• _How to complete this task_: The line that contains "(\<forall>c :: 'a" marks the end: retype the data below exactly from its first line through that line.
*** Data under study
(* Let $p$ be a prime and $n\ge1$, and suppose $p^n-1=st$ with positive integers $s<t$ and $\gcd(s,t)=1$. Let $\alpha$ be a generator of $\mathbb{F}_{p^n}^\times$, $\beta=\alpha^t$, $\gamma=\alpha^s$. Let $S_1,S_2\subset\mathbb{Z}_s\times\mathbb{Z}_t$ be two disjoint linearly independent patterns, of sizes $m_1$ and $m_2$ respectively, and let $V_1,V_2\subset\mathbb{F}_{p^n}$ be the $\mathbb{F}_p$-spans of $A|_{S_1}$ and $A|_{S_2}$. Suppose $\dim_{\mathbb{F}_p}V_1+\dim_{\mathbb{F}_p}V_2\le n$. Then there exists $(a,b)\in\mathbb{Z}_s\times\mathbb{Z}_t$ such that $T_{a,b}(S_2)$ is disjoint from $S_1$ and the pattern $S_1\cup T_{a,b}(S_2)$ is linearly independent.
   Context: $\mathbb{Z}_s=\mathbb{Z}/s\mathbb{Z}$, $\mathbb{Z}_t=\mathbb{Z}/t\mathbb{Z}$; $(i,j)\mapsto\beta^i\gamma^j$ is a well-defined bijection $\mathbb{Z}_s\times\mathbb{Z}_t\to\mathbb{F}_{p^n}^\times$. A pattern is a subset $S\subset\mathbb{Z}_s\times\mathbb{Z}_t$, and $A|_S=\{\beta^i\gamma^j:(i,j)\in S\}$. $S$ is a linearly independent pattern if the $|S|$ elements of $A|_S$ are linearly independent over $\mathbb{F}_p$. The toroidal translation $T_{a,b}:\mathbb{Z}_s\times\mathbb{Z}_t\to\mathbb{Z}_s\times\mathbb{Z}_t$ is $T_{a,b}(i,j)=(i+a \bmod s,\ j+b\bmod t)$. *)

theory Defs
  imports "HOL-Computational_Algebra.Primes"
begin

text \<open>Linear algebra over the prime field F_p inside a field of characteristic p:
  the scalars of F_p are the elements of_nat c with c < p.\<close>

definition Fp_indep_set :: "nat \<Rightarrow> 'a::field set \<Rightarrow> bool" where
  "Fp_indep_set p X \<longleftrightarrow> finite X \<and>
     (\<forall>c :: 'a \<Rightarrow> nat. (\<forall>x\<in>X. c x < p) \<longrightarrow> (\<Sum>x\<in>X. of_nat (c x) * x) = 0 \<longrightarrow> (\<forall>x\<in>X. c x = 0))"

definition Fp_span :: "nat \<Rightarrow> 'a::field set \<Rightarrow> 'a set" where
  "Fp_span p X = {y. \<exists>c :: 'a \<Rightarrow> nat. (\<forall>x\<in>X. c x < p) \<and> y = (\<Sum>x\<in>X. of_nat (c x) * x)}"

definition Fp_dim :: "nat \<Rightarrow> 'a::field set \<Rightarrow> nat" where
  "Fp_dim p V = Max (card ` {B. B \<subseteq> V \<and> Fp_indep_set p B})"

text \<open>Z_s x Z_t represented as {0..<s} x {0..<t}; the element attached to (i,j) is beta^i gamma^j.\<close>
definition pat_elt :: "'a::field \<Rightarrow> 'a \<Rightarrow> nat \<times> nat \<Rightarrow> 'a" where
  "pat_elt \<beta> \<gamma> q = \<beta> ^ fst q * \<gamma> ^ snd q"

definition A_restr :: "'a::field \<Rightarrow> 'a \<Rightarrow> (nat \<times> nat) set \<Rightarrow> 'a set" where
  "A_restr \<beta> \<gamma> S = pat_elt \<beta> \<gamma> ` S"

definition lin_indep_pattern :: "nat \<Rightarrow> 'a::field \<Rightarrow> 'a \<Rightarrow> (nat \<times> nat) set \<Rightarrow> bool" where
  "lin_indep_pattern p \<beta> \<gamma> S \<longleftrightarrow> finite S \<and>
     (\<forall>c :: nat \<times> nat \<Rightarrow> nat. (\<forall>q\<in>S. c q < p) \<longrightarrow>
        (\<Sum>q\<in>S. of_nat (c q) * pat_elt \<beta> \<gamma> q) = 0 \<longrightarrow> (\<forall>q\<in>S. c q = 0))"

definition tor_trans :: "nat \<Rightarrow> nat \<Rightarrow> nat \<Rightarrow> nat \<Rightarrow> nat \<times> nat \<Rightarrow> nat \<times> nat" where
  "tor_trans s t a b q = ((fst q + a) mod s, (snd q + b) mod t)"

end

theory Submission
  imports Defs "HOL-Library.FuncSet" "HOL-Number_Theory.Residues"
begin

(* Multiplication by l = beta^a gamma^b maps A|_S onto A|_(T_(a,b) S), since beta^s = gamma^t = 1,
   and as gcd(s,t) = 1 every nonzero l is of this form.  It therefore suffices to find l <> 0 such
   that u + l w = 0 with u in V1, w in V2 forces u = w = 0: this gives both the disjointness of
   S1 and T_(a,b)(S2) and the independence of their union.  A bad l equals -u/w for nonzero
   u in V1, w in V2, so there are at most (|V1| - 1)(|V2| - 1) <= (p^dim V1 - 1)(p^dim V2 - 1)
   < p^n - 1 of them, as |V| <= p^dim V. *)

lemma of_nat_card_eq_0: "of_nat (card (UNIV :: 'a::ring_1 set)) = (0 :: 'a)"
  by (simp add: of_nat_eq_0_iff_char_dvd CHAR_dvd_CARD)

lemma power_card_minus_one_eq_one:
  fixes x :: "'a::{finite,field}"
  assumes "x \<noteq> 0"
  shows "x ^ (card (UNIV :: 'a set) - 1) = 1"
proof -
  let ?units = "UNIV - {0::'a}"
  have "(\<Prod>y\<in>?units. x * y) = (\<Prod>y\<in>?units. y)"
    by (rule prod.reindex_bij_witness[of _ "\<lambda>y. y / x" "\<lambda>y. x * y"]) (auto simp: assms)
  moreover have "(\<Prod>y\<in>?units. x * y) = x ^ card ?units * (\<Prod>y\<in>?units. y)"
    by (simp add: prod.distrib)
  moreover have "(\<Prod>y\<in>?units. y) \<noteq> 0" by simp
  moreover have "card ?units = card (UNIV :: 'a set) - 1" by (simp add: card_Diff_singleton)
  ultimately show ?thesis by simp
qed

lemma power_mod_eq_power:
  fixes x :: "'a::monoid_mult"
  assumes "x ^ s = 1"
  shows "x ^ (k mod s) = x ^ k"
proof -
  have "x ^ k = x ^ (s * (k div s) + k mod s)" by simp
  also have "\<dots> = (x ^ s) ^ (k div s) * x ^ (k mod s)" by (simp only: power_add power_mult)
  finally show ?thesis using assms by simp
qed

lemma power_minus_one_mult_less:
  fixes p i j n :: nat
  assumes "1 < p" "1 \<le> n" "i + j \<le> n"
  shows "(p ^ i - 1) * (p ^ j - 1) < p ^ n - 1"
proof (cases "i = 0 \<or> j = 0")
  case True
  then show ?thesis using assms one_less_power[of p n] by auto
next
  case False
  then have "2 \<le> p ^ i" "2 \<le> p ^ j"
    using assms(1) one_less_power[of p i] one_less_power[of p j] by simp_all
  then obtain x y where xy: "p ^ i = x + 2" "p ^ j = y + 2"
    by (metis le_add_diff_inverse2)
  have "(p ^ i - 1) * (p ^ j - 1) = (x + 1) * (y + 1)" using xy by simp
  also have "\<dots> < (x + 2) * (y + 2) - 1" by (simp add: algebra_simps)
  also have "\<dots> = p ^ (i + j) - 1" using xy by (simp add: power_add)
  also have "\<dots> \<le> p ^ n - 1" using assms by (intro diff_le_mono power_increasing) auto
  finally show ?thesis .
qed

lemma zero_in_Fp_span: "0 < p \<Longrightarrow> 0 \<in> Fp_span p X"
  unfolding Fp_span_def by (intro CollectI exI[of _ "\<lambda>_. 0"]) simp

lemma sum_in_Fp_span:
  assumes "inj_on e S" "\<forall>q\<in>S. c q < p"
  shows "(\<Sum>q\<in>S. of_nat (c q) * e q) \<in> Fp_span p (e ` S)"
proof -
  let ?c = "c \<circ> the_inv_into S e"
  have "(\<Sum>x\<in>e ` S. of_nat (?c x) * x) = (\<Sum>q\<in>S. of_nat (c q) * e q)"
    using assms(1) by (simp add: sum.reindex the_inv_into_f_f)
  moreover have "\<forall>x\<in>e ` S. ?c x < p"
    using assms by (simp add: the_inv_into_f_f)
  ultimately show ?thesis
    unfolding Fp_span_def by (intro CollectI exI[of _ ?c]) simp
qed

lemma scaled_in_Fp_span:
  assumes "finite X" "x \<in> X" "c < p"
  shows "of_nat c * x \<in> Fp_span p X"
proof -
  have "(\<Sum>y\<in>X. of_nat (if y = x then c else 0) * y) = (\<Sum>y\<in>X. if y = x then of_nat c * x else 0)"
    by (rule sum.cong) simp_all
  also have "\<dots> = of_nat c * x"
    using assms by simp
  finally show ?thesis
    using sum_in_Fp_span[of id X "\<lambda>y. if y = x then c else 0" p] assms by simp
qed

lemma card_Fp_span_le:
  assumes "finite X"
  shows "card (Fp_span p X) \<le> p ^ card X"
proof -
  let ?comb = "\<lambda>c. \<Sum>x\<in>X. of_nat (c x) * x"
  have "Fp_span p X \<subseteq> ?comb ` (X \<rightarrow>\<^sub>E {..<p})"
  proof
    fix y assume "y \<in> Fp_span p X"
    then obtain c where "\<forall>x\<in>X. c x < p" "y = ?comb c"
      unfolding Fp_span_def by blast
    then show "y \<in> ?comb ` (X \<rightarrow>\<^sub>E {..<p})"
      by (intro image_eqI[of _ _ "restrict c X"]) (auto intro: sum.cong)
  qed
  then have "card (Fp_span p X) \<le> card (?comb ` (X \<rightarrow>\<^sub>E {..<p}))"
    using assms by (intro card_mono) (simp_all add: finite_PiE)
  also have "\<dots> \<le> card (X \<rightarrow>\<^sub>E {..<p})"
    using assms by (intro card_image_le) (simp add: finite_PiE)
  also have "\<dots> = p ^ card X"
    using assms by (simp add: card_PiE)
  finally show ?thesis .
qed

lemma card_le_Fp_dim:
  fixes X V :: "'a::{finite,field} set"
  assumes "Fp_indep_set p X" "X \<subseteq> V"
  shows "card X \<le> Fp_dim p V"
  unfolding Fp_dim_def using assms by (intro Max_ge finite_imageI finite) auto

lemma card_Fp_span_le_power_Fp_dim:
  fixes X :: "'a::{finite,field} set"
  assumes "Fp_indep_set p X" "1 < p"
  shows "card (Fp_span p X) \<le> p ^ Fp_dim p (Fp_span p X)"
proof -
  have "finite X" using assms(1) by (simp add: Fp_indep_set_def)
  then have "X \<subseteq> Fp_span p X"
    using scaled_in_Fp_span[of X _ 1 p] assms(2) by auto
  then have "card X \<le> Fp_dim p (Fp_span p X)"
    using assms(1) by (rule card_le_Fp_dim[rotated])
  then have "p ^ card X \<le> p ^ Fp_dim p (Fp_span p X)"
    using assms(2) by (intro power_increasing) simp_all
  with card_Fp_span_le[OF \<open>finite X\<close>, of p] show ?thesis
    by (rule order_trans)
qed

lemma lin_indep_patternD:
  assumes "lin_indep_pattern p \<beta> \<gamma> S" "\<forall>q\<in>S. c q < p"
    and "(\<Sum>q\<in>S. of_nat (c q) * pat_elt \<beta> \<gamma> q) = 0" "q \<in> S"
  shows "c q = 0"
  using assms unfolding lin_indep_pattern_def by blast

lemma lin_indep_pattern_nonzero:
  assumes "lin_indep_pattern p \<beta> \<gamma> S" "q \<in> S" "1 < p"
  shows "pat_elt \<beta> \<gamma> q \<noteq> 0"
proof
  assume zero: "pat_elt \<beta> \<gamma> q = 0"
  let ?c = "\<lambda>r. if r = q then 1 else 0 :: nat"
  have "(\<Sum>r\<in>S. of_nat (?c r) * pat_elt \<beta> \<gamma> r) = 0"
    using zero by (intro sum.neutral) simp
  then have "?c q = 0"
    using assms by (intro lin_indep_patternD[of p \<beta> \<gamma> S]) auto
  then show False by simp
qed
******
• _Written solution_:
(* Let $p$ be a prime and $n\ge1$, and suppose $p^n-1=st$ with positive integers $s<t$ and $\gcd(s,t)=1$. Let $\alpha$ be a generator of $\mathbb{F}_{p^n}^\times$, $\beta=\alpha^t$, $\gamma=\alpha^s$. Let $S_1,S_2\subset\mathbb{Z}_s\times\mathbb{Z}_t$ be two disjoint linearly independent patterns, of sizes $m_1$ and $m_2$ respectively, and let $V_1,V_2\subset\mathbb{F}_{p^n}$ be the $\mathbb{F}_p$-spans of $A|_{S_1}$ and $A|_{S_2}$. Suppose $\dim_{\mathbb{F}_p}V_1+\dim_{\mathbb{F}_p}V_2\le n$. Then there exists $(a,b)\in\mathbb{Z}_s\times\mathbb{Z}_t$ such that $T_{a,b}(S_2)$ is disjoint from $S_1$ and the pattern $S_1\cup T_{a,b}(S_2)$ is linearly independent.
   Context: $\mathbb{Z}_s=\mathbb{Z}/s\mathbb{Z}$, $\mathbb{Z}_t=\mathbb{Z}/t\mathbb{Z}$; $(i,j)\mapsto\beta^i\gamma^j$ is a well-defined bijection $\mathbb{Z}_s\times\mathbb{Z}_t\to\mathbb{F}_{p^n}^\times$. A pattern is a subset $S\subset\mathbb{Z}_s\times\mathbb{Z}_t$, and $A|_S=\{\beta^i\gamma^j:(i,j)\in S\}$. $S$ is a linearly independent pattern if the $|S|$ elements of $A|_S$ are linearly independent over $\mathbb{F}_p$. The toroidal translation $T_{a,b}:\mathbb{Z}_s\times\mathbb{Z}_t\to\mathbb{Z}_s\times\mathbb{Z}_t$ is $T_{a,b}(i,j)=(i+a \bmod s,\ j+b\bmod t)$. *)

theory Defs
  imports "HOL-Computational_Algebra.Primes"
begin

text \<open>Linear algebra over the prime field F_p inside a field of characteristic p:
  the scalars of F_p are the elements of_nat c with c < p.\<close>

definition Fp_indep_set :: "nat \<Rightarrow> 'a::field set \<Rightarrow> bool" where
  "Fp_indep_set p X \<longleftrightarrow> finite X \<and>
     (\<forall>c :: 'a \<Rightarrow> nat. (\<forall>x\<in>X. c x < p) \<longrightarrow> (\<Sum>x\<in>X. of_nat (c x) * x) = 0 \<longrightarrow> (\<forall>x\<in>X. c x = 0))"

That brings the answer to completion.